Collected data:
lemma sat_by_children_subset:
  assumes "\<psi> \<subseteq> \<phi>" "\<And>c y. EA c x y \<in> \<psi> \<Longrightarrow> subf \<phi> y = subf \<psi> y"
    and "sat_by_children D \<phi> x t"
  shows "sat_by_children D \<psi> x t"
proof -
  have "\<exists>u. EA c t u \<in> D \<and> sat D (subf \<psi> y) y u" if "EA c x y \<in> \<psi>" for c y
    using assms(1,3) that unfolding sat_by_children_def assms(2)[OF that, symmetric] by blast
  then show ?thesis using assms(1,3) unfolding sat_by_children_def by blast
qed

lemma sat_by_children_UnD:
  assumes "tree_like \<delta> x \<phi>1" "tree_like \<delta> x \<phi>2" "fvars \<phi>1 \<inter> fvars \<phi>2 \<subseteq> {x}"
    and "sat_by_children D (\<phi>1 \<union> \<phi>2) x t"
  shows "sat_by_children D \<phi>1 x t" "sat_by_children D \<phi>2 x t"
proof -
  have sub1: "subf (\<phi>1 \<union> \<phi>2) y = subf \<phi>1 y" if "EA c x y \<in> \<phi>1" for c y
    using subf_Un_left[OF assms(1,3) that] .
  show "sat_by_children D \<phi>1 x t" by (rule sat_by_children_subset[OF _ sub1 assms(4)]) simp
  have sub2: "subf (\<phi>1 \<union> \<phi>2) y = subf \<phi>2 y" if "EA c x y \<in> \<phi>2" for c y
    using subf_Un_left[OF assms(2) _ that, of \<phi>1] assms(3) by (simp add: Un_commute Int_commute)
  show "sat_by_children D \<phi>2 x t" by (rule sat_by_children_subset[OF _ sub2 assms(4)]) simp
qed
lemma upper_arcs_ordered_lower_left:
  assumes "p \<noteq> q" and "fst p \<le> fst q" and "snd p \<le> snd q"
    and "sqdist a p = R" and "R \<le> sqdist a q" and "snd q < snd a"
    and "sqdist b q = R" and "R \<le> sqdist b p" and "snd q < snd b"
  shows "fst a \<le> fst b"
proof -
  have centres_differ: "fst q - fst p \<noteq> 0 \<or> snd q - snd p \<noteq> 0"
    using assms(1) by (auto simp: prod_eq_iff)
  have "fst a - fst q \<le> fst b - fst q"
  proof (rule upper_arcs_ordered_normalised[where \<gamma> = "snd a - snd q" and \<beta> = "snd b - snd q"])
    show "(fst a - fst q + (fst q - fst p))^2 + (snd a - snd q + (snd q - snd p))^2 = R"
      using assms(4) by (simp add: sqdist_def)
    show "R \<le> (fst b - fst q + (fst q - fst p))^2 + (snd b - snd q + (snd q - snd p))^2"
      using assms(8) by (simp add: sqdist_def)
  qed (use assms centres_differ in \<open>auto simp: sqdist_def\<close>)
  thus ?thesis by simp
qed

lemma upper_arcs_ordered:
  assumes "p \<noteq> q" and "fst p \<le> fst q" and "snd p < Y" and "snd q < Y"
    and "sqdist a p = R" and "R \<le> sqdist a q" and "Y < snd a"
    and "sqdist b q = R" and "R \<le> sqdist b p" and "Y < snd b"
  shows "fst a \<le> fst b"
proof (cases "snd p \<le> snd q")
  case True
  then show ?thesis using upper_arcs_ordered_lower_left[of p q a R b] assms by auto
next
  case False
  txt \<open>Reflecting in the vertical axis exchanges the roles of \<open>p\<close> and \<open>q\<close>.\<close>
  have "fst (- fst b, snd b) \<le> fst (- fst a, snd a)"
    by (rule upper_arcs_ordered_lower_left[of "(- fst q, snd q)" "(- fst p, snd p)" _ R])
      (use assms False in \<open>auto simp: prod_eq_iff sqdist_def power2_commute\<close>)
  then show ?thesis by simp
qed
lemma cell_interval_invariant:
  assumes U: "0 < U" "U < \<rho>" and z: "(\<mu>, \<epsilon>) \<in> cell U"
    and x: "0 < x" "x \<le> U" and P: "\<bar>P\<bar> \<le> \<eta> * x powr (1 - \<epsilon>)"
  shows "\<bar>\<mu> + A (\<mu>, \<epsilon>) * x powr (1 - \<epsilon>) + P\<bar> < U"
proof -
  note c = cell_bounds[OF U z]
  have \<sigma>: "\<sigma> * \<sigma> = 1" "\<bar>\<sigma>\<bar> = 1" using A_sep by (auto simp: sgn_if)
  have \<sigma>A: "\<sigma> * \<bar>A (\<mu>, \<epsilon>)\<bar> = A (\<mu>, \<epsilon>)"
    by (simp only: c(7)[symmetric] mult.assoc[symmetric] \<sigma>(1) mult_1)
  have "\<sigma> * (\<sigma> * \<mu> + \<bar>A (\<mu>, \<epsilon>)\<bar> * x powr (1 - \<epsilon>) + \<sigma> * P)
      = (\<sigma> * \<sigma>) * \<mu> + (\<sigma> * \<bar>A (\<mu>, \<epsilon>)\<bar>) * x powr (1 - \<epsilon>) + (\<sigma> * \<sigma>) * P"
    by (simp only: distrib_left mult.assoc)
  then have "\<mu> + A (\<mu>, \<epsilon>) * x powr (1 - \<epsilon>) + P
      = \<sigma> * (\<sigma> * \<mu> + \<bar>A (\<mu>, \<epsilon>)\<bar> * x powr (1 - \<epsilon>) + \<sigma> * P)"
    by (simp only: \<sigma>(1) \<sigma>A mult_1)
  then have eq: "\<bar>\<mu> + A (\<mu>, \<epsilon>) * x powr (1 - \<epsilon>) + P\<bar>
      = \<bar>\<sigma> * \<mu> + \<bar>A (\<mu>, \<epsilon>)\<bar> * x powr (1 - \<epsilon>) + \<sigma> * P\<bar>"
    using \<sigma>(2) by (simp add: abs_mult)
  have "x powr (1 - \<epsilon>) \<le> U powr (1 - \<epsilon>)" using x c(3) by (intro powr_mono2) auto
  also have "\<dots> = U * U powr (- \<epsilon>)" using U powr_add[of U 1 "- \<epsilon>"] by simp
  finally have t: "x powr (1 - \<epsilon>) \<le> U * U powr (- \<epsilon>)" .
  have "- (\<kappa> / 2 + s) < \<sigma> * \<mu> / U" "\<sigma> * \<mu> / U < - (\<kappa> / 2) + s" using mem_cellD[OF z] by simp_all
  then have M: "- (\<kappa> / 2 + s) * U < \<sigma> * \<mu>" "\<sigma> * \<mu> < (- (\<kappa> / 2) + s) * U"
    by (simp_all only: pos_less_divide_eq[OF U(1)] pos_divide_less_eq[OF U(1)])
  note AY = mem_cellD(2)[OF z]
  have "\<bar>\<sigma> * P\<bar> \<le> \<eta> * x powr (1 - \<epsilon>)" using P \<sigma>(2) by (simp add: abs_mult)
  moreover have "\<bar>A (\<mu>, \<epsilon>)\<bar> * (1 - \<epsilon>) \<le> \<bar>A (\<mu>, \<epsilon>)\<bar>" using c(1) by (simp add: mult_left_le)
  then have "\<eta> \<le> \<bar>A (\<mu>, \<epsilon>)\<bar>" using c(8) by linarith
  ultimately show ?thesis unfolding eq
    by (rule interval_image_bound[OF powr_ge_zero t _ less_imp_le[OF \<eta>(1)] _ c(10) AY M U(1)
        less_imp_le[OF margins(3)] margins(6,7)])
qed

■ **What the exercise asks**: All lines in the records with the string "blast" should be copied out.

■ **Task output**:
    using assms(1,3) that unfolding sat_by_children_def assms(2)[OF that, symmetric] by blast
  then show ?thesis using assms(1,3) unfolding sat_by_children_def by blast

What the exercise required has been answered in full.